Dataset entries:
lemma int_powers_span_add:
  assumes "z \<in> int_powers_span \<eta> M" "w \<in> int_powers_span \<eta> M"
  shows "z + w \<in> int_powers_span \<eta> M"
proof -
  obtain c c' where "z = (\<Sum>r<M. of_int (c r) * \<eta>^r)" "w = (\<Sum>r<M. of_int (c' r) * \<eta>^r)"
    using assms by (metis int_powers_spanE)
  then have "z + w = (\<Sum>r<M. of_int (c r + c' r) * \<eta>^r)"
    by (simp add: sum.distrib distrib_right)
  then show ?thesis using int_powers_spanI by metis
qed

lemma int_powers_span_of_int_mult:
  assumes "z \<in> int_powers_span \<eta> M"
  shows "of_int k * z \<in> int_powers_span \<eta> M"
proof -
  obtain c where "z = (\<Sum>r<M. of_int (c r) * \<eta>^r)"
    using assms by (metis int_powers_spanE)
  then have "of_int k * z = (\<Sum>r<M. of_int (k * c r) * \<eta>^r)"
    by (simp add: sum_distrib_left mult.assoc)
  then show ?thesis using int_powers_spanI by metis
qed

lemma int_powers_span_diff:
  assumes "z \<in> int_powers_span \<eta> M" "w \<in> int_powers_span \<eta> M"
  shows "z - w \<in> int_powers_span \<eta> M"
  using int_powers_span_add[OF assms(1) int_powers_span_of_int_mult[OF assms(2), of "-1"]]
  by simp

lemma int_powers_span_of_int:
  assumes "M > 0"
  shows "of_int k \<in> int_powers_span \<eta> M"
proof -
  have "(\<Sum>r<M. of_int (if r = 0 then k else 0) * \<eta>^r) = (\<Sum>r<M. if r = 0 then of_int k else 0)"
    by (rule sum.cong) auto
  also have "\<dots> = of_int k" using assms by simp
  finally show ?thesis using int_powers_spanI by metis
qed

text \<open>With \<open>\<eta>^M = -1\<close> the span is the ring \<open>\<int>[\<eta>]\<close>: multiplying by \<open>\<eta>\<close> shifts the
  coefficients cyclically, negating the one that wraps around.\<close>

lemma int_powers_span_root_mult:
  assumes root: "\<eta>^M = -1" and z: "z \<in> int_powers_span \<eta> M"
  shows "\<eta> * z \<in> int_powers_span \<eta> M"
proof (cases M)
  case 0
  then show ?thesis using z by (auto simp: int_powers_span_def)
next
  case (Suc M')
  obtain c where c: "z = (\<Sum>r<M. of_int (c r) * \<eta>^r)"
    using z by (metis int_powers_spanE)
  define c' where "c' r = (if r = 0 then - c M' else c (r - 1))" for r
  have "\<eta> * z = (\<Sum>r<M'. of_int (c r) * \<eta>^Suc r) + of_int (c M') * \<eta>^M"
    using Suc c by (simp add: sum_distrib_left algebra_simps)
  also have "\<dots> = (\<Sum>r<M'. of_int (c' (Suc r)) * \<eta>^Suc r) + of_int (c' 0) * \<eta>^0"
    using root by (simp add: c'_def)
  also have "\<dots> = (\<Sum>r<M. of_int (c' r) * \<eta>^r)"
    unfolding Suc sum.lessThan_Suc_shift by simp
  finally show ?thesis using int_powers_spanI by metis
qed

lemma int_powers_span_root_power_mult:
  assumes "\<eta>^M = -1" "z \<in> int_powers_span \<eta> M"
  shows "\<eta>^k * z \<in> int_powers_span \<eta> M"
  by (induction k) (use assms int_powers_span_root_mult in \<open>auto simp: mult.assoc\<close>)

lemma int_powers_span_root_power:
  assumes "\<eta>^M = -1" "M > 0"
  shows "\<eta>^k \<in> int_powers_span \<eta> M"
  using int_powers_span_root_power_mult[OF assms(1) int_powers_span_of_int[OF assms(2), of 1]]
  by simp

lemma int_powers_span_mult:
  assumes root: "\<eta>^M = -1" and z: "z \<in> int_powers_span \<eta> M" and w: "w \<in> int_powers_span \<eta> M"
  shows "w * z \<in> int_powers_span \<eta> M"
proof -
  obtain c where c: "w = (\<Sum>r<M. of_int (c r) * \<eta>^r)"
    using w by (metis int_powers_spanE)
  have "(\<Sum>r<K. of_int (c r) * (\<eta>^r * z)) \<in> int_powers_span \<eta> M" for K
  proof (induction K)
    case 0
    then show ?case using int_powers_spanI[where c="\<lambda>_. 0"] by simp
  next
    case (Suc K)
    then show ?case
      by (simp add: int_powers_span_add int_powers_span_of_int_mult
          int_powers_span_root_power_mult root z)
  qed
  then show ?thesis
    using c by (simp add: sum_distrib_right mult.assoc)
qed

lemma int_powers_span_power:
  assumes "\<eta>^M = -1" "M > 0" "z \<in> int_powers_span \<eta> M"
  shows "z^k \<in> int_powers_span \<eta> M"
  by (induction k)
    (use int_powers_span_of_int[OF assms(2), of 1] int_powers_span_mult[OF assms(1)] assms(3)
      in \<open>auto simp: mult.commute\<close>)

text \<open>If \<open>2 h = 1\<close> with \<open>h \<in> \<int>[\<eta>]\<close>, writing
  \<open>h \<eta>^i = \<Sum>\<^sub>r C\<^sub>i\<^sub>r \<eta>^r\<close> makes \<open>(\<eta>^r)\<^sub>r\<close> a kernel vector of the integer matrix \<open>2C - 1\<close>,
  whose determinant is odd.\<close>

lemma two_mult_neq_one_in_int_powers_span:
  fixes \<eta> :: "'a::{idom,ring_char_0}"
  assumes root: "\<eta>^M = -1" and M: "M > 0" and h: "h \<in> int_powers_span \<eta> M"
  shows "2 * h \<noteq> 1"
proof
  assume h2: "2 * h = 1"
  have "\<forall>i<M. \<exists>c. h * \<eta>^i = (\<Sum>r<M. of_int (c r) * \<eta>^r)"
    using int_powers_span_mult[OF root int_powers_span_root_power[OF root M] h]
    by (metis int_powers_spanE mult.commute)
  then obtain C where C: "\<And>i. i < M \<Longrightarrow> h * \<eta>^i = (\<Sum>r<M. of_int (C i r) * \<eta>^r)"
    by metis
  define B :: "int mat" where "B = mat M M (\<lambda>(i,j). 2 * C i j - (if i = j then 1 else 0))"
  define v :: "'a vec" where "v = vec M (\<lambda>j. \<eta>^j)"
  have B: "map_mat of_int B \<in> carrier_mat M M" unfolding B_def by simp
  have v: "v \<in> carrier_vec M" "v \<noteq> 0\<^sub>v M"
    using M by (auto simp: v_def vec_eq_iff)
  have "map_mat of_int B *\<^sub>v v = 0\<^sub>v M"
  proof (rule eq_vecI)
    fix i assume "i < dim_vec (0\<^sub>v M :: 'a vec)"
    then have i: "i < M" by simp
    have "(map_mat of_int B *\<^sub>v v) $ i
        = (\<Sum>j<M. 2 * (of_int (C i j) * \<eta>^j) - (if i = j then \<eta>^j else 0))"
      using i by (auto simp: B_def v_def scalar_prod_def atLeast0LessThan algebra_simps
          intro!: sum.cong)
    also have "\<dots> = 2 * (h * \<eta>^i) - \<eta>^i"
      using i C[OF i] by (simp add: sum_subtractf sum_distrib_left sum.delta)
    also have "\<dots> = 0" using h2 by (simp add: mult.assoc[symmetric])
    finally show "(map_mat of_int B *\<^sub>v v) $ i = 0\<^sub>v M $ i" using i by simp
  qed (use B in simp)
  then have "det (map_mat (of_int :: int \<Rightarrow> 'a) B) = 0"
    using det_0_iff_vec_prod_zero[OF B] v by blast
  then have "det B = 0" by simp
  moreover have "map_mat (of_int :: int \<Rightarrow> bit) B = 1\<^sub>m M"
    by (rule eq_matI) (auto simp: B_def)
  then have "(of_int (det B) :: bit) = 1"
    by (metis det_one of_int_hom.hom_det)
  ultimately show False by simp
qed

lemma one_minus_power_two_power_mod_two:
  assumes root: "\<eta>^M = -1" and M: "M > 0"
  shows "\<exists>B\<in>int_powers_span \<eta> M. (1 - \<eta>)^(2^k) = 1 - \<eta>^(2^k) + 2 * B"
proof (induction k)
  case 0
  show ?case
    by (rule bexI[of _ 0]) (use int_powers_span_of_int[OF M, of 0] in auto)
next
  case (Suc k)
  then obtain B where B: "B \<in> int_powers_span \<eta> M" "(1 - \<eta>)^(2^k) = 1 - \<eta>^(2^k) + 2 * B"
    by blast
  define z where "z = \<eta>^(2^k)"
  have z: "z \<in> int_powers_span \<eta> M"
    unfolding z_def by (rule int_powers_span_root_power[OF root M])
  define B' where "B' = z * z - z + 2 * (B * (1 - z)) + 2 * (B * B)"
  have "B' \<in> int_powers_span \<eta> M"
    unfolding B'_def mult_2
    by (intro int_powers_span_add int_powers_span_diff int_powers_span_mult[OF root]
        int_powers_span_of_int[OF M, of 1, simplified] z B(1))
  moreover have "(1 - \<eta>)^(2^Suc k) = 1 - \<eta>^(2^Suc k) + 2 * B'"
  proof -
    have "(1 - \<eta>)^(2^Suc k) = ((1 - \<eta>)^(2^k))^2"
      by (simp add: power_mult[symmetric] mult.commute)
    moreover have "\<eta>^(2^Suc k) = z * z"
      unfolding z_def by (simp add: power_add[symmetric] mult_2)
    ultimately show ?thesis
      unfolding B(2) B'_def z_def[symmetric] by (simp add: power2_eq_square algebra_simps)
  qed
  ultimately show ?case by blast
qed

text \<open>The 2-adic core: an odd-coefficient relation would give \<open>\<Sum>\<^sub>r \<eta>^r \<in> 2\<int>[\<eta>]\<close>, hence
  \<open>1 - \<eta>\<close> would divide \<open>1\<close> in \<open>\<int>[\<eta>]\<close> (as \<open>(1 - \<eta>) \<Sum>\<^sub>r \<eta>^r = 2\<close>); but \<open>(1 - \<eta>)^M\<close> is
  divisible by \<open>2\<close>, so \<open>1/2\<close> would lie in \<open>\<int>[\<eta>]\<close>.\<close>

lemma sum_odd_coeffs_powers_neq_zero:
  fixes \<eta> :: "'a::{idom,ring_char_0}" and c :: "nat \<Rightarrow> int"
  assumes root: "\<eta>^M = -1" and M: "M = 2^m" and odd: "\<And>r. r < M \<Longrightarrow> odd (c r)"
  shows "(\<Sum>r<M. of_int (c r) * \<eta>^r) \<noteq> 0"
proof
  assume rel: "(\<Sum>r<M. of_int (c r) * \<eta>^r) = 0"
  have M0: "M > 0" using M by simp
  define u where "u = (\<Sum>r<M. of_int (- ((c r - 1) div 2)) * \<eta>^r)"
  have u: "u \<in> int_powers_span \<eta> M"
    unfolding u_def by (rule int_powers_spanI)
  have "(\<Sum>r<M. of_int (c r) * \<eta>^r) = (\<Sum>r<M. \<eta>^r - 2 * (of_int (- ((c r - 1) div 2)) * \<eta>^r))"
    by (rule sum.cong) (auto elim!: oddE[OF odd] simp: algebra_simps)
  also have "\<dots> = (\<Sum>r<M. \<eta>^r) - 2 * u"
    by (simp only: sum_subtractf u_def sum_distrib_left)
  finally have sum_powers: "(\<Sum>r<M. \<eta>^r) = 2 * u"
    using rel by simp
  have "(1 - \<eta>) * (\<Sum>r<M. \<eta>^r) = 2"
    using one_diff_power_eq[of \<eta> M] root by simp
  then have "2 * ((1 - \<eta>) * u) = 2 * 1"
    unfolding sum_powers by (simp add: algebra_simps)
  then have unit: "(1 - \<eta>) * u = 1" by simp
  obtain B where B: "B \<in> int_powers_span \<eta> M" "(1 - \<eta>)^M = 1 - \<eta>^M + 2 * B"
    using one_minus_power_two_power_mod_two[OF root M0, of m] M by blast
  have "1 = ((1 - \<eta>) * u)^M" using unit by simp
  also have "\<dots> = (1 - \<eta>)^M * u^M" by (simp add: power_mult_distrib)
  also have "\<dots> = 2 * ((1 + B) * u^M)"
    using B(2) root by (simp add: algebra_simps)
  finally have "2 * ((1 + B) * u^M) = 1" by simp
  moreover have "(1 + B) * u^M \<in> int_powers_span \<eta> M"
    using int_powers_span_of_int[OF M0, of 1]
    by (intro int_powers_span_mult[OF root] int_powers_span_power[OF root M0 u]
        int_powers_span_add B(1)) simp
  ultimately show False using two_mult_neq_one_in_int_powers_span[OF root M0] by blast
qed

lemma sum_lessThan_mult_blocks:
  fixes g :: "nat \<Rightarrow> 'a::comm_monoid_add"
  shows "(\<Sum>k<Q * M. g k) = (\<Sum>q<Q. \<Sum>r<M. g (r + M * q))"
proof -
  have "(\<Sum>k<Q * M. g k) = (\<Sum>q<Q. \<Sum>k\<in>{q * M..<q * M + M}. g k)"
    by (rule sum.nat_group[symmetric])
  also have "\<dots> = (\<Sum>q<Q. \<Sum>r<M. g (r + M * q))"
    using sum.atLeastLessThan_shift_0[of g "q * M" "q * M + M" for q]
    by (simp add: atLeast0LessThan algebra_simps)
  finally show ?thesis .
qed

lemma sum_alternating_arith:
  "(\<Sum>q<2 * P. (-1::int)^q * (int r + int M * int q)) = - int M * int P"
  by (induction P) (simp_all add: algebra_simps)

text \<open>Grouping \<open>k = r + M q\<close> and using \<open>\<zeta>^(r + M q) = (-1)^q \<zeta>^r\<close>, the coefficient of
  \<open>\<zeta>^r\<close> becomes \<open>-M P\<close> times an odd integer.\<close>

lemma sum_index_residues_powers_neq_zero:
  fixes \<zeta> :: "'a::{idom,ring_char_0}" and m :: "nat \<Rightarrow> int"
  assumes root: "\<zeta>^M = -1" and M: "M = 2^e" and P: "P > 0" and n: "n = M * (2 * P)"
  shows "(\<Sum>k<n. of_int (int k - int n * m k) * \<zeta>^k) \<noteq> 0"
proof
  assume sum0: "(\<Sum>k<n. of_int (int k - int n * m k) * \<zeta>^k) = 0"
  define c where "c r = 1 + 2 * (\<Sum>q<2 * P. (-1::int)^q * m (r + M * q))" for r
  have n_blocks: "{..<n} = {..<2 * P * M}"
    using n by (simp add: mult.commute)
  have power_block: "\<zeta>^(r + M * q) = (-1)^q * \<zeta>^r" for r q
    by (simp add: power_add power_mult root)
  have coeff: "(\<Sum>q<2 * P. (-1)^q * (int (r + M * q) - int n * m (r + M * q)))
      = - (int M * int P) * c r" for r
  proof -
    have "(\<Sum>q<2 * P. (-1)^q * (int (r + M * q) - int n * m (r + M * q)))
        = (\<Sum>q<2 * P. (-1::int)^q * (int r + int M * int q))
          - int n * (\<Sum>q<2 * P. (-1)^q * m (r + M * q))"
      by (simp add: sum_subtractf sum_distrib_left algebra_simps)
    then show ?thesis
      unfolding sum_alternating_arith c_def n by (simp add: algebra_simps)
  qed
  have "(\<Sum>k<n. of_int (int k - int n * m k) * \<zeta>^k)
      = (\<Sum>q<2 * P. \<Sum>r<M. of_int (int (r + M * q) - int n * m (r + M * q)) * \<zeta>^(r + M * q))"
    unfolding n_blocks by (rule sum_lessThan_mult_blocks)
  also have "\<dots> = (\<Sum>r<M. \<Sum>q<2 * P.
      of_int ((-1)^q * (int (r + M * q) - int n * m (r + M * q))) * \<zeta>^r)"
    by (subst sum.swap) (auto intro!: sum.cong simp: power_block)
  also have "\<dots> = - of_int (int M * int P) * (\<Sum>r<M. of_int (c r) * \<zeta>^r)"
  proof -
    have "(\<Sum>q<2 * P. of_int ((-1)^q * (int (r + M * q) - int n * m (r + M * q))) * \<zeta>^r)
        = of_int (- (int M * int P) * c r) * \<zeta>^r" for r
      by (simp only: of_int_sum[symmetric] sum_distrib_right[symmetric] coeff)
    then show ?thesis by (simp add: sum_distrib_left algebra_simps)
  qed
  finally have "(\<Sum>r<M. of_int (c r) * \<zeta>^r) = 0"
    using sum0 P M by simp
  moreover have "odd (c r)" for r
    unfolding c_def by simp
  ultimately show False
    using sum_odd_coeffs_powers_neq_zero[OF root M] by blast
qed

definition unit_root :: "nat \<Rightarrow> int \<Rightarrow> complex" where
  "unit_root n x = exp (2 * of_real pi * \<i> * of_int x / of_nat n)"

lemma unit_root_add: "unit_root n (x + y) = unit_root n x * unit_root n y"
  unfolding unit_root_def by (simp add: exp_add[symmetric] add_divide_distrib algebra_simps)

Work to be completed » Go to the line holding "using sum_odd_coeffs_powers_neq_zero[OF root" in the entries above and return it, along with every line after it, exactly as written.

Answer space »
    using sum_odd_coeffs_powers_neq_zero[OF root M] by blast
qed

definition unit_root :: "nat \<Rightarrow> int \<Rightarrow> complex" where
  "unit_root n x = exp (2 * of_real pi * \<i> * of_int x / of_nat n)"

lemma unit_root_add: "unit_root n (x + y) = unit_root n x * unit_root n y"
  unfolding unit_root_def by (simp add: exp_add[symmetric] add_divide_distrib algebra_simps)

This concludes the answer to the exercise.